Division of Rheumatology, Department of Internal Medicine, University of Michigan, Ann Arbor, MI, USA.
Arthritis and Clinical Immunology Program, Oklahoma Medical Research Foundation, Oklahoma City, OK, USA; Department of Biochemistry and Molecular Biology, The University of Oklahoma Health Sciences Center, Oklahoma City, OK, USA.
J Autoimmun. 2018 Jan;86:19-28. doi: 10.1016/j.jaut.2017.09.011. Epub 2017 Oct 20.
The goal of this study was to comprehensively characterize CD4+CD28+ T cells overexpressing CD11a and KIR genes, and examine the relationship between this T cell subset, genetic risk, and disease activity in lupus.
The size of the CD4+CD28+KIR+CD11a T cell subset was determined by flow cytometry, and total genetic risk for lupus was calculated in 105 female patients using 43 confirmed genetic susceptibility loci. Primary CD4+CD28+KIR+CD11a T cells were isolated from lupus patients or were induced from healthy individuals using 5-azacytidine. Genome-wide DNA methylation was analyzed using an array-based approach, and the transcriptome was assessed by RNA sequencing. Transcripts in the CDR3 region were used to assess the TCR repertoire. Chromatin accessibility was determined using ATAC-seq.

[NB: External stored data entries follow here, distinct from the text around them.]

lemma inc_le_good:
  fixes b :: "nat \<Rightarrow> idx" and e :: "nat \<Rightarrow> nat"
  assumes "\<And>n. length (fst (b n)) = d" and "finite (range (\<lambda>n. snd (b n)))"
  shows "\<exists>i j. i < j \<and> inc_le (b i) (b j) \<and> e i \<le> e j"
proof -
  txt \<open>Prepending \<open>0\<close> makes the pairwise gaps record the entries themselves as well; the
    coordinate \<^term>\<open>None\<close> carries the weight \<open>e\<close>.\<close>
  define zs where "zs n = 0 # fst (b n)" for n
  define P where "P = {..d} \<times> {..d}"
  define x where "x n = (\<lambda>k. case k of None \<Rightarrow> e n | Some (p, q) \<Rightarrow> zs n ! q - zs n ! p)" for n
  define f where "f n = (restrict (\<lambda>(p, q). zs n ! p \<le> zs n ! q) P, snd (b n))" for n
  have "range f \<subseteq> (P \<rightarrow>\<^sub>E (UNIV :: bool set)) \<times> range (\<lambda>n. snd (b n))"
    unfolding f_def by auto
  moreover have "finite ((P \<rightarrow>\<^sub>E (UNIV :: bool set)) \<times> range (\<lambda>n. snd (b n)))"
    using assms(2) by (simp add: P_def finite_PiE)
  ultimately have "finite (range f)" by (rule finite_subset)
  then obtain i j where ij: "i < j" "f i = f j" and x_le: "\<forall>k\<in>insert None (Some ` P). x i k \<le> x j k"
    using dickson_good_pair[of "insert None (Some ` P)" f x] by (auto simp: P_def)
  have gap: "zs i ! q + zs j ! p \<le> zs j ! q + zs i ! p" if "p \<le> d" "q \<le> d" "zs i ! p \<le> zs i ! q" for p q
  proof -
    have "zs j ! p \<le> zs j ! q"
      using fun_cong[OF arg_cong[OF ij(2), of fst], of "(p, q)"] that by (simp add: f_def P_def)
    moreover have "x i (Some (p, q)) \<le> x j (Some (p, q))"
      using x_le that(1,2) by (simp add: P_def)
    ultimately show ?thesis using that(3) by (simp add: x_def)
  qed
  have "\<exists>\<pi>. strict_mono \<pi> \<and> map \<pi> (fst (b i)) = fst (b j)"
  proof (rule strict_mono_map_exists)
    show "length (fst (b i)) = length (fst (b j))" using assms(1) by simp
    show "fst (b i) ! p \<le> fst (b j) ! p" if "p < length (fst (b i))" for p
      using gap[of 0 "Suc p"] that assms(1) by (simp add: zs_def)
    show "fst (b i) ! q + fst (b j) ! p \<le> fst (b j) ! q + fst (b i) ! p"
      if "p < length (fst (b i))" "q < length (fst (b i))" "fst (b i) ! p \<le> fst (b i) ! q" for p q
      using gap[of "Suc p" "Suc q"] that assms(1) by (simp add: zs_def)
  qed
  moreover have "snd (b i) = snd (b j)" using ij(2) by (simp add: f_def)
  moreover have "e i \<le> e j" using x_le by (simp add: x_def)
  ultimately show ?thesis using ij(1) unfolding inc_le_def by (metis prod.collapse)
qed

lemma finite_basis_if_good:
  assumes good: "\<And>s :: nat \<Rightarrow> 'a. (\<And>n. s n \<in> D) \<Longrightarrow> \<exists>i j. i < j \<and> P (s i) (s j)"
  shows "\<exists>F. finite F \<and> F \<subseteq> D \<and> (\<forall>b\<in>D. \<exists>a\<in>F. P a b)"
proof (rule ccontr)
  assume no_basis: "\<not> ?thesis"
  define pick where "pick F = (SOME b. b \<in> D \<and> (\<forall>a\<in>F. \<not> P a b))" for F
  have pick: "pick F \<in> D \<and> (\<forall>a\<in>F. \<not> P a (pick F))" if "finite F" "F \<subseteq> D" for F
  proof -
    have "\<not> (\<forall>b\<in>D. \<exists>a\<in>F. P a b)" using no_basis that by blast
    then have "\<exists>b. b \<in> D \<and> (\<forall>a\<in>F. \<not> P a b)" by blast
    then show ?thesis unfolding pick_def by (rule someI_ex)
  qed
  define A where "A = rec_nat {} (\<lambda>_ F. insert (pick F) F)"
  define s where "s n = pick (A n)" for n
  have A_eq: "A n = s ` {..<n}" for n
    by (induction n) (simp_all add: A_def s_def lessThan_Suc)
  have s_in: "s n \<in> D" for n
  proof (induction n rule: less_induct)
    case (less n)
    then have "finite (A n)" "A n \<subseteq> D" by (auto simp: A_eq)
    then show ?case using pick unfolding s_def by blast
  qed
  have "\<not> P (s i) (s j)" if "i < j" for i j
  proof -
    have "finite (A j)" "A j \<subseteq> D" "s i \<in> A j" using s_in that by (auto simp: A_eq)
    then show ?thesis using pick unfolding s_def by blast
  qed
  then show False using good[of s, OF s_in] by blast
qed

section \<open>Sym-invariant lattices\<close>

locale sym_lattice =
  fixes c d :: nat and L :: "(idx \<Rightarrow> int) set"
  assumes lattice: "is_lattice (index_set c d) L" and invariant: "sym_invariant L"
begin

lemma in_free_ab: "v \<in> L \<Longrightarrow> v \<in> free_ab (index_set c d)"
  using lattice unfolding is_lattice_def by blast

lemma finite_supp: "v \<in> L \<Longrightarrow> finite (supp v)"
  using in_free_ab unfolding free_ab_def supp_def by blast

lemma Sym_orbit_subset: "B \<subseteq> L \<Longrightarrow> Sym_orbit B \<subseteq> L"
  using invariant unfolding Sym_orbit_def sym_invariant_def by blast

definition leads :: "idx set" where
  "leads = lead ` (L - {0})"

A total of 31,019 differentially methylated sites were identified in induced KIR+CD11a T cells with >99% being hypomethylated. RNA sequencing revealed a clear pro-inflammatory transcriptional profile. TCR repertoire analysis suggests less clonotype diversity in KIR+CD11a compared to autologous KIR-CD11a T cells. Similarly, primary KIR+CD11a T cells isolated from lupus patients were hypomethylated and characterized by a pro-inflammatory chromatin structure. We show that the genetic risk for lupus was significantly higher in African-American compared to European-American lupus patients. The demethylated CD4+CD28+KIR+CD11a T cell subset size was a better predictor of disease activity in young (age ≤ 40) European-American patients independent of genetic risk.

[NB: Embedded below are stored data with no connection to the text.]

text \<open>Any two pairs of vectors with the same Gram matrix are related by an orthogonal map:
  move \<open>p\<close> to \<open>p'\<close>, then reflect the image of \<open>q\<close> onto \<open>q'\<close> across a hyperplane containing \<open>p'\<close>.\<close>
lemma orthogonal_transformation_exists_pair:
  fixes p q p' q' :: "'a::real_inner"
  assumes "norm p = norm p'" "norm q = norm q'" "p \<bullet> q = p' \<bullet> q'"
  obtains f where "orthogonal_transformation f" "f p = p'" "f q = q'"
proof -
  obtain f1 where f1: "orthogonal_transformation f1" "f1 p = p'"
    using orthogonal_transformation_exchange[OF assms(1)] by blast
  have "norm (f1 q) = norm q'" using f1 assms(2) by (simp add: orthogonal_transformation_norm)
  then obtain f2 where f2: "orthogonal_transformation f2" "f2 (f1 q) = q'"
      and f2_fixes: "\<And>z. z \<bullet> f1 q = z \<bullet> q' \<Longrightarrow> f2 z = z"
    using orthogonal_transformation_exchange by blast
  have "p' \<bullet> f1 q = p' \<bullet> q'"
    using f1 assms(3) by (metis orthogonal_transformation_def)
  then have "f2 p' = p'" by (rule f2_fixes)
  then show ?thesis
    using that[of "f2 \<circ> f1"] f1 f2 by (simp add: orthogonal_transformation_compose)
qed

CD4+CD28+KIR+CD11a T cells are demethylated and characterized by pro-inflammatory epigenetic and transcriptional profiles in lupus. Eliminating these cells or blocking their pro-inflammatory characteristics might present a novel therapeutic approach for lupus.
本研究旨在全面描述 CD4+CD28+T 细胞中 CD11a 和 KIR 基因的过度表达,并研究该 T 细胞亚群与遗传风险和狼疮疾病活动之间的关系。
通过流式细胞术确定 CD4+CD28+KIR+CD11a T 细胞亚群的大小,并使用 43 个已确认的遗传易感性基因座计算 105 名女性患者的狼疮总遗传风险。使用 5-氮杂胞苷从狼疮患者中分离或从健康个体中诱导产生原代 CD4+CD28+KIR+CD11a T 细胞。使用基于阵列的方法分析全基因组 DNA 甲基化,并通过 RNA 测序评估转录组。使用 CDR3 区的转录本评估 TCR 库。使用 ATAC-seq 确定染色质可及性。
在诱导的 KIR+CD11a T 细胞中鉴定出 31,019 个差异甲基化位点,其中 99%以上为低甲基化。RNA 测序显示出明显的促炎转录谱。TCR 库分析表明,与自体 KIR-CD11a T 细胞相比,KIR+CD11a 中的克隆型多样性较少。同样,从狼疮患者中分离的原代 KIR+CD11a T 细胞呈低甲基化状态,表现出促炎染色质结构。我们表明,与欧洲裔美国狼疮患者相比,非洲裔美国狼疮患者的狼疮遗传风险明显更高。年轻(≤40 岁)欧洲裔美国患者的疾病活动度与遗传风险无关,CD4+CD28+KIR+CD11a T 细胞亚群大小的去甲基化是更好的预测指标。
狼疮患者的 CD4+CD28+KIR+CD11a T 细胞呈去甲基化状态,表现出促炎的表观遗传和转录特征。消除这些细胞或阻断其促炎特性可能为狼疮提供一种新的治疗方法。